§ **Exercise requirements**
Repeat exactly the lines below that lie between the line with "unfolding b_def by" and the line with "proof (rule LIMSEQ_even_odd)", counting both of those lines as part of the answer.

(Stored records)
+++

(* Let $m,n\ge 1$ be integers, let $r_b,r_w\ge 0$, and let $R_{th0}>0$ satisfy $R_{th0}>m r_b+n r_w$. Write $d_{ij}=i r_b+j r_w$ for $1\le i\le m$, $1\le j\le n$. Consider the equation in the unknown $R> m r_b + n r_w$: $$\ln(R_{th0})=\frac{1}{mn}\sum_{i=1}^{m}\sum_{j=1}^{n}\ln\big(R-d_{ij}\big). \qquad (\ast)$$ Define the sequence $(R^{(l)})_{l\ge 0}$ by $R^{(0)}=R_{th0}$ and, for $l\ge 1$, $$\ln\big(R^{(l)}\big)=\ln(R_{th0})-\frac{1}{mn}\sum_{i=1}^{m}\sum_{j=1}^{n}\ln\Big(1-\frac{d_{ij}}{R^{(l-1)}}\Big).$$ Then every $R^{(l)}$ is well defined (i.e. $R^{(l)}>m r_b+n r_w$), equation $(\ast)$ has a solution $R_{th\_array}$ in $(m r_b+n r_w,\infty)$, and the sequence $R^{(l)}$ converges to $R_{th\_array}$ as $l\to\infty$.
   Context: This iteration is called the STMC threshold solver algorithm in the paper (iterate until a fixed number of iterations or until successive iterates differ by at most a tolerance $\epsilon$). Here $R_{th0}$ plays the role of the optimal read resistance threshold in the absence of line resistance, $r_b$ and $r_w$ are the per-junction bitline and wordline resistances, and $(\ast)$ is the equation defining the common read threshold $R_{th\_array}$ for an $m\times n$ crossbar array. *)

theory Defs
  imports "HOL-Analysis.Analysis"
begin

definition dij :: "real \<Rightarrow> real \<Rightarrow> nat \<Rightarrow> nat \<Rightarrow> real" where
  "dij rb rw i j = real i * rb + real j * rw"

primrec stmc_iter :: "nat \<Rightarrow> nat \<Rightarrow> real \<Rightarrow> real \<Rightarrow> real \<Rightarrow> nat \<Rightarrow> real" where
  "stmc_iter m n rb rw Rth0 0 = Rth0"
| "stmc_iter m n rb rw Rth0 (Suc l) =
     exp (ln Rth0 - (1 / (real m * real n)) *
       (\<Sum>i=1..m. \<Sum>j=1..n. ln (1 - dij rb rw i j / stmc_iter m n rb rw Rth0 l)))"

end

theory Submission
  imports Defs
begin

text \<open>The step map T(R) = exp (ln R_th0 - mean ln (1 - d_ij / R)) is antitone on (D, \<infinity>),
  D = m r_b + n r_w, and maps it into [R_th0, \<infinity>). So the even iterates increase, the odd ones
  decrease, both are bounded, and their limits a, b satisfy T a = b, T b = a; fixed points of T
  are exactly the solutions of the threshold equation. The real work is to exclude 2-cycles
  a < b: with x = D/a, y = D/b, e = d_ij/D and \<kappa> = ln R_th0 - ln D > 0, the cycle equations
  first force x + y \<ge> 1, and then the inequality ln x ln (1 - e x) \<le> ln y ln (1 - e y),
  averaged over the junctions, gives \<kappa> (ln x - ln y) \<le> 0, a contradiction.\<close>

lemma eventually_sequentially_even_odd:
  assumes "eventually (\<lambda>k. P (2 * k)) sequentially"
    and "eventually (\<lambda>k. P (2 * k + 1)) sequentially"
  shows "eventually P sequentially"
proof -
  obtain N0 N1 where "\<And>k. k \<ge> N0 \<Longrightarrow> P (2 * k)" "\<And>k. k \<ge> N1 \<Longrightarrow> P (2 * k + 1)"
    using assms by (auto simp: eventually_sequentially)
  then have "P l" if "l \<ge> 2 * N0 + 2 * N1 + 1" for l
    using that by (cases "even l") (auto elim!: evenE oddE)
  then show ?thesis
    by (auto simp: eventually_sequentially)
qed

lemma LIMSEQ_even_odd:
  assumes "(\<lambda>k. f (2 * k)) \<longlonglongrightarrow> l" and "(\<lambda>k. f (2 * k + 1)) \<longlonglongrightarrow> l"
  shows "f \<longlonglongrightarrow> l"
  using assms by (auto simp: tendsto_def intro: eventually_sequentially_even_odd)

theorem antimono_iterates_tendsto_fixpoint:
  fixes T :: "real \<Rightarrow> real" and x0 :: real
  assumes into: "\<And>x. x0 \<le> x \<Longrightarrow> x0 \<le> T x"
    and anti: "\<And>x y. x0 \<le> x \<Longrightarrow> x \<le> y \<Longrightarrow> T y \<le> T x"
    and cont: "\<And>x. x0 \<le> x \<Longrightarrow> isCont T x"
    and no_two_cycle: "\<And>x y. x0 \<le> x \<Longrightarrow> x0 \<le> y \<Longrightarrow> T x = y \<Longrightarrow> T y = x \<Longrightarrow> x = y"
  shows "\<exists>a \<ge> x0. T a = a \<and> (\<lambda>l. (T ^^ l) x0) \<longlonglongrightarrow> a"
proof -
  define E where "E k = (T ^^ (2 * k)) x0" for k
  have E_Suc: "E (Suc k) = T (T (E k))" for k
    by (simp add: E_def)
  have iterate_odd: "(T ^^ (2 * k + 1)) x0 = T (E k)" for k
    by (simp add: E_def)
  have iterate_ge: "x0 \<le> (T ^^ l) x0" for l
    by (induction l) (auto intro: into)
  then have E_ge: "x0 \<le> E k" and TE_ge: "x0 \<le> T (E k)" for k
    unfolding E_def by (auto intro: into)
  have E_inc: "E k \<le> E (Suc k)" for k
  proof (induction k)
    case 0
    show ?case using E_Suc[of 0] TE_ge[of 0] by (simp add: E_def into)
  next
    case (Suc k)
    then have "T (E (Suc k)) \<le> T (E k)" using E_ge anti by blast
    then show ?case using E_Suc TE_ge anti by metis
  qed
  have TE_dec: "T (E (Suc k)) \<le> T (E k)" for k
    using E_ge E_inc anti by blast
  have E_le: "E k \<le> T x0" for k
  proof (cases k)
    case 0
    then show ?thesis by (simp add: E_def into)
  next
    case (Suc j)
    then show ?thesis using E_Suc TE_ge anti by (metis order.refl)
  qed
  define a where "a = (SUP k. E k)"
  define b where "b = (INF k. T (E k))"
  have E_lim: "E \<longlonglongrightarrow> a"
    unfolding a_def by (intro LIMSEQ_incseq_SUP incseq_SucI E_inc) (auto intro!: bdd_aboveI[where M = "T x0"] E_le)
  have TE_lim: "(\<lambda>k. T (E k)) \<longlonglongrightarrow> b"
    unfolding b_def by (intro LIMSEQ_decseq_INF decseq_SucI TE_dec) (auto intro!: bdd_belowI[where m = x0] TE_ge)
  have a_ge: "x0 \<le> a" and b_ge: "x0 \<le> b"
    using LIMSEQ_le_const[OF E_lim] LIMSEQ_le_const[OF TE_lim] E_ge TE_ge by auto
  have "(\<lambda>k. T (E k)) \<longlonglongrightarrow> T a"
    using isCont_tendsto_compose[OF cont[OF a_ge] E_lim] .
  then have Ta: "T a = b"
    using TE_lim LIMSEQ_unique by blast
  have "(\<lambda>k. E (Suc k)) \<longlonglongrightarrow> T b"
    unfolding E_Suc using isCont_tendsto_compose[OF cont[OF b_ge] TE_lim] .
  then have Tb: "T b = a"
    using E_lim[THEN LIMSEQ_Suc] LIMSEQ_unique by blast
  have "a = b"
    using no_two_cycle[OF a_ge b_ge Ta Tb] .
  moreover have "(\<lambda>l. (T ^^ l) x0) \<longlonglongrightarrow> a"
  proof (rule LIMSEQ_even_odd)
    show "(\<lambda>k. (T ^^ (2 * k)) x0) \<longlonglongrightarrow> a"
      using E_lim unfolding E_def .
    show "(\<lambda>k. (T ^^ (2 * k + 1)) x0) \<longlonglongrightarrow> a"
      using TE_lim unfolding iterate_odd \<open>a = b\<close> .
  qed
  ultimately show ?thesis
    using a_ge Ta by blast
qed

lemma ln_div_one_minus_mono:
  fixes s t :: real
  assumes "0 < s" "s \<le> t" "t < 1"
  shows "ln s / (1 - s) \<le> ln t / (1 - t)"
proof -
  have t: "0 < t" using assms by linarith
  have tangent_s: "ln s - ln t \<le> (s - t) / t"
    using ln_le_minus_one[of "s / t"] assms t by (simp add: ln_div diff_divide_distrib)
  have tangent_1: "- ln t \<le> (1 - t) / t"
    using ln_le_minus_one[of "1 / t"] t by (simp add: ln_div diff_divide_distrib)
  have "(1 - t) * (ln s - ln t) \<le> (1 - t) * ((s - t) / t)"
    using tangent_s assms by (intro mult_left_mono) auto
  moreover have "(t - s) * (- ln t) \<le> (t - s) * ((1 - t) / t)"
    using tangent_1 assms by (intro mult_left_mono) auto
  moreover have "(1 - t) * ((s - t) / t) + (t - s) * ((1 - t) / t) = 0"
    using t by (simp add: field_simps)
  ultimately have "(1 - t) * ln s \<le> (1 - s) * ln t"
    by (simp add: algebra_simps)
  then show ?thesis
    using assms by (simp add: field_simps)
qed

lemma ln_mult_ln_one_minus_antimono:
  fixes u v :: real
  assumes "1/2 \<le> u" "u \<le> v" "v < 1"
  shows "ln v * ln (1 - v) \<le> ln u * ln (1 - u)"
proof -
  have "- (ln u * ln (1 - u)) \<le> - (ln v * ln (1 - v))"
  proof (rule deriv_nonneg_imp_mono[where g = "\<lambda>t. - (ln t * ln (1 - t))"])
    fix t assume t: "t \<in> {u..v}"
    then have "0 < t" "t < 1" "1 - t \<le> t"
      using assms by auto
    then show "((\<lambda>t. - (ln t * ln (1 - t))) has_real_derivative ln t / (1 - t) - ln (1 - t) / t) (at t)"
      by (auto intro!: derivative_eq_intros simp: field_simps)
    show "0 \<le> ln t / (1 - t) - ln (1 - t) / t"
      using ln_div_one_minus_mono[of "1 - t" t] \<open>0 < t\<close> \<open>t < 1\<close> \<open>1 - t \<le> t\<close> by simp
  qed (use assms in auto)
  then show ?thesis by simp
qed

lemma ln_mult_ln_one_minus_le:
  fixes x y :: real
  assumes "0 < y" "y < x" "x < 1" "1 \<le> x + y"
  shows "ln x * ln (1 - x) \<le> ln y * ln (1 - y)"
proof (cases "1/2 \<le> y")
  case True
  then show ?thesis
    using ln_mult_ln_one_minus_antimono[of y x] assms by auto
next
  case False
  then have "ln x * ln (1 - x) \<le> ln (1 - y) * ln (1 - (1 - y))"
    using ln_mult_ln_one_minus_antimono[of "1 - y" x] assms by auto
  then show ?thesis by (simp add: mult.commute)
qed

+++

§ **Written response**
    unfolding b_def by (intro LIMSEQ_decseq_INF decseq_SucI TE_dec) (auto intro!: bdd_belowI[where m = x0] TE_ge)
  have a_ge: "x0 \<le> a" and b_ge: "x0 \<le> b"
    using LIMSEQ_le_const[OF E_lim] LIMSEQ_le_const[OF TE_lim] E_ge TE_ge by auto
  have "(\<lambda>k. T (E k)) \<longlonglongrightarrow> T a"
    using isCont_tendsto_compose[OF cont[OF a_ge] E_lim] .
  then have Ta: "T a = b"
    using TE_lim LIMSEQ_unique by blast
  have "(\<lambda>k. E (Suc k)) \<longlonglongrightarrow> T b"
    unfolding E_Suc using isCont_tendsto_compose[OF cont[OF b_ge] TE_lim] .
  then have Tb: "T b = a"
    using E_lim[THEN LIMSEQ_Suc] LIMSEQ_unique by blast
  have "a = b"
    using no_two_cycle[OF a_ge b_ge Ta Tb] .
  moreover have "(\<lambda>l. (T ^^ l) x0) \<longlonglongrightarrow> a"
  proof (rule LIMSEQ_even_odd)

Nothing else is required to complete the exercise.